Apparently choosing a colour requires some sort of emotional intelligence that I do not possess. There. I have admitted it to myself. All those years of thinking I was a normal, stable person! It’s so depressing -I may need two things of Haagen Daaz.
So the whole painting situation begins with me going with the worst shopping companion EVER to pick paint. I thought I knew what I wanted – a light and cool colour scheme, but then changed my mind deciding to go for warmer colours. For those of you who have been paint shopping you can attest to the fact that there are thousands of paint colours to choose from. Seriously for a simple colour like red you can find at least 20 different shades. So with Jazz huffing and puffing behind me I tried to decide what colours I wanted. 45 mintues later it was obvious I had developped some kind of colour dyslexia and which point Jazz turned into her alter ego Sasha ( who scares the living daylights out of me), and I had to choose a colour fast or risk losing a limb. So I decided on a Parisian Taupe with White for the trim. Light colours because the room was small, but still warm.
Home. Heart palpitations begin because I am not sure anymore about the colour.
24 hours later most of the room is done. I have done a fabulous job but the colour is not turning out. The paint is still wet so I am not going to scream yet about how it looks like freaking BEIGE and not no Parisan Taupe!
Paint dries and it is a latte colour. Which is fancy for beige. I decide I need a bold colour for an accent wall because the thought that I am a person who would choose however subconsciously to paint their living room beige is enough to make me want to take up drinking. Jazz and I go back to the store and look at colours. Again the dyslexia, Sasha’s rage, my indecisiveness combine to make me go with an Iced Espresso.

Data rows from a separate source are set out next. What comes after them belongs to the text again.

theorem mainTheorem8:
  fixes V :: "'a vert_alg" and I M :: "'a set"
  assumes "vertex_algebra V"
    and "ideal_va V I"
    and "subspace_va V M"
    and "I \<subseteq> M"
  shows "MZ01_subspace V M \<longleftrightarrow> MZ01_subspace (quotient_va V I) (quotient_sub V I M)"
proof -
  interpret quotient_vertex_algebra V I using assms(1,2) by unfold_locales
  let ?Q = "quotient_va V I" and ?M = "quotient_sub V I M"
  have carriers: "r01 V M \<subseteq> carrier V" "sr01 V M \<subseteq> carrier V"
    "r01 ?Q ?M \<subseteq> coset V I ` carrier V" "sr01 ?Q ?M \<subseteq> coset V I ` carrier V"
    unfolding r01_def sr01_def lsr01_def carrier_quotient_va by auto
  have "r01 V M = sr01 V M \<longleftrightarrow> r01 ?Q ?M = sr01 ?Q ?M"
    using eq_iff_eq_of_mem_image_iff[OF carriers
        coset_mem_r01_iff[OF assms(3,4)] coset_mem_sr01_iff[OF assms(3,4)]] .
  then show ?thesis
    unfolding MZ01_subspace_def using subspace_quotient_sub assms(3,4) by blast
qed

end
(* Let $\mathfrak{A}$ be an atomic weakly associative relation algebra and let $\mathfrak{B}=\langle B,T_\kappa,E_{\kappa\lambda}\rangle_{\kappa,\lambda<3}$ be its suitable structure. Then $\mathfrak{Cm}\,\mathfrak{B}\in\mathsf{NA}_3$, i.e., $\mathfrak{Cm}\,\mathfrak{B}$ is a non-commutative 3-dimensional cylindric algebra.
   Context: WA: algebras $\langle A,+,\overline{\phantom{x}},;,\breve{\phantom{x}},1'\rangle$ with $x\cdot y=\overline{\overline{x}+\overline{y}}$, $0'=\overline{1'}$, $1=1'+0'$, $0=\overline{1}$, satisfying for all $x,y,z$: $x+y=y+x$; $x+(y+z)=(x+y)+z$; $\overline{\overline{x}+\overline{y}}+\overline{\overline{x}+y}=x$; $((x\cdot 1');1);1=(x\cdot1');1$; $(x+y);z=x;z+y;z$; $x;1'=x$; $\breve{\breve{x}}=x$; $\breve{(x+y)}=\breve{x}+\breve{y}$; $\breve{(x;y)}=\breve{y};\breve{x}$; $\breve{x};\overline{x;y}+\overline{y}=\overline{y}$. Suitable structure of $\mathfrak{A}$: $B=\{s\in{}^3\mathrm{At}(\mathfrak{A}): s_2;s_0\ge s_1\}$; $T_\kappa=\{\langle s,t\rangle\in B\times B:s_\kappa=t_\kappa\}$; $E_{\kappa\kappa}=B$; for distinct $\kappa,\lambda$ with third index $\mu$, $E_{\kappa\lambda}=\{s\in B:s_\mu\le1'\}$. Complex algebra $\mathfrak{Cm}\,\mathfrak{B}=\langle\mathcal{P}(B),\cup,\cap,B\setminus\cdot,\emptyset,B,T_\kappa^*,E_{\kappa\lambda}\rangle_{\kappa,\lambda<3}$ with cylindrifications $c_\kappa=T_\kappa^*$, $T_\kappa^*(X)=\{y\in B:\exists x\in X\ \langle y,x\rangle\in T_\kappa\}$, and diagonals $d_{\kappa\lambda}=E_{\kappa\lambda}$. $\mathsf{NA}_3$ is the class of algebras $\langle C,+,\cdot,-,0,1,c_\kappa,d_{\kappa\lambda}\rangle_{\kappa,\lambda<3}$ such that: (C0) the Boolean reduct is a Boolean algebra; (C1) $c_\kappa0=0$; (C2) $x\le c_\kappa x$; (C3) $c_\kappa(x\cdot c_\kappa y)=c_\kappa x\cdot c_\kappa y$; (C4$^*$) $c_\kappa c_\lambda x\ge c_\lambda c_\kappa x\cdot d_{\lambda\mu}$ whenever $\mu\ne\kappa,\lambda$; (C5) $d_{\kappa\kappa}=1$; (C6) $d_{\kappa\mu}=c_\lambda(d_{\kappa\lambda}\cdot d_{\lambda\mu})$ whenever $\lambda\ne\kappa,\mu$; (C7) $c_\kappa(d_{\kappa\lambda}\cdot x)\cdot c_\kappa(d_{\kappa\lambda}\cdot -x)=0$ whenever $\kappa\ne\lambda$. *)

theory Defs
  imports Main
begin

text \<open>A relation-type algebra is given on the whole type 'a by operations
  p (join +), n (complement), m (relative product ;), v (converse), e (identity 1').\<close>

definition ra_meet :: "('a\<Rightarrow>'a\<Rightarrow>'a) \<Rightarrow> ('a\<Rightarrow>'a) \<Rightarrow> 'a \<Rightarrow> 'a \<Rightarrow> 'a" where
  "ra_meet p n x y = n (p (n x) (n y))"

definition ra_top :: "('a\<Rightarrow>'a\<Rightarrow>'a) \<Rightarrow> ('a\<Rightarrow>'a) \<Rightarrow> 'a \<Rightarrow> 'a" where
  "ra_top p n e = p e (n e)"

definition ra_bot :: "('a\<Rightarrow>'a\<Rightarrow>'a) \<Rightarrow> ('a\<Rightarrow>'a) \<Rightarrow> 'a \<Rightarrow> 'a" where
  "ra_bot p n e = n (ra_top p n e)"

definition ra_le :: "('a\<Rightarrow>'a\<Rightarrow>'a) \<Rightarrow> 'a \<Rightarrow> 'a \<Rightarrow> bool" where
  "ra_le p x y \<longleftrightarrow> p x y = y"

definition WA :: "('a\<Rightarrow>'a\<Rightarrow>'a) \<Rightarrow> ('a\<Rightarrow>'a) \<Rightarrow> ('a\<Rightarrow>'a\<Rightarrow>'a) \<Rightarrow> ('a\<Rightarrow>'a) \<Rightarrow> 'a \<Rightarrow> bool" where
  "WA p n m v e \<longleftrightarrow>
     (\<forall>x y. p x y = p y x) \<and>
     (\<forall>x y z. p x (p y z) = p (p x y) z) \<and>
     (\<forall>x y. p (n (p (n x) (n y))) (n (p (n x) y)) = x) \<and>
     (\<forall>x. m (m (ra_meet p n x e) (ra_top p n e)) (ra_top p n e)
          = m (ra_meet p n x e) (ra_top p n e)) \<and>
     (\<forall>x y z. m (p x y) z = p (m x z) (m y z)) \<and>
     (\<forall>x. m x e = x) \<and>
     (\<forall>x. v (v x) = x) \<and>
     (\<forall>x y. v (p x y) = p (v x) (v y)) \<and>
     (\<forall>x y. v (m x y) = m (v y) (v x)) \<and>
     (\<forall>x y. p (m (v x) (n (m x y))) (n y) = n y)"

definition ra_atom :: "('a\<Rightarrow>'a\<Rightarrow>'a) \<Rightarrow> ('a\<Rightarrow>'a) \<Rightarrow> 'a \<Rightarrow> 'a \<Rightarrow> bool" where
  "ra_atom p n e a \<longleftrightarrow> a \<noteq> ra_bot p n e \<and>
     (\<forall>b. ra_le p b a \<longrightarrow> b = ra_bot p n e \<or> b = a)"

definition ra_atomic :: "('a\<Rightarrow>'a\<Rightarrow>'a) \<Rightarrow> ('a\<Rightarrow>'a) \<Rightarrow> 'a \<Rightarrow> bool" where
  "ra_atomic p n e \<longleftrightarrow>
     (\<forall>x. x \<noteq> ra_bot p n e \<longrightarrow> (\<exists>a. ra_atom p n e a \<and> ra_le p a x))"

Home. Iced Espresso applied to walls looks like well…brown on a wall. I mean the colour’s nice, it matched the damn latte very well but oh my good lord – there was something about that wall that made me incredibly angry. And then after a whole day of looking at it I got suicidal. I moved my couch to the middle of the room facing away from the wall and I tried to tell myself that it was nice, that I did a beautiful paint job, that I wasn’t a moron, that it matched, that I wasn’t the most horrible decorator in the entire universe. It didn’t work. The brown seemed to be laughing at me…it’s the kind of colour that takes over your mind. Everytime I got up and saw it I hated it more and more. It got to be quite irrational really. I mean who talks to a colour? Then Del saved me by coming over and dragging me out for Thai food and promising me we could go couch shopping tomorrow. She also assured me that she still loves me even though I suck at decision making.
So now I need to decide what to do. Do I prime over the brown and paint it the same as the rest of the room? Do I choose another colour and hope I don’t hate it too? I am going back and forth trying to decide. I’ve decided to keep with the latte/beige/parisian taupe because there is no way I am painting the entire room again. My whole body was killing me afterwards and I had blisters on my hands from all the work. So that colour definitely stays. It’s that bloody accent wall that’s driving me nuts. All I know is it’s either me or that brown. I am not going home until I have a can of paint in my hands. I’ve always like orange…or red. Or maybe I should just redo the whole room in a new scheme.
Symptomatic of my life…indecisive, can’t commit, and deep down underneath all the bs someone who likes beige. I deserve to eat vanilla ice cream for the rest of my life.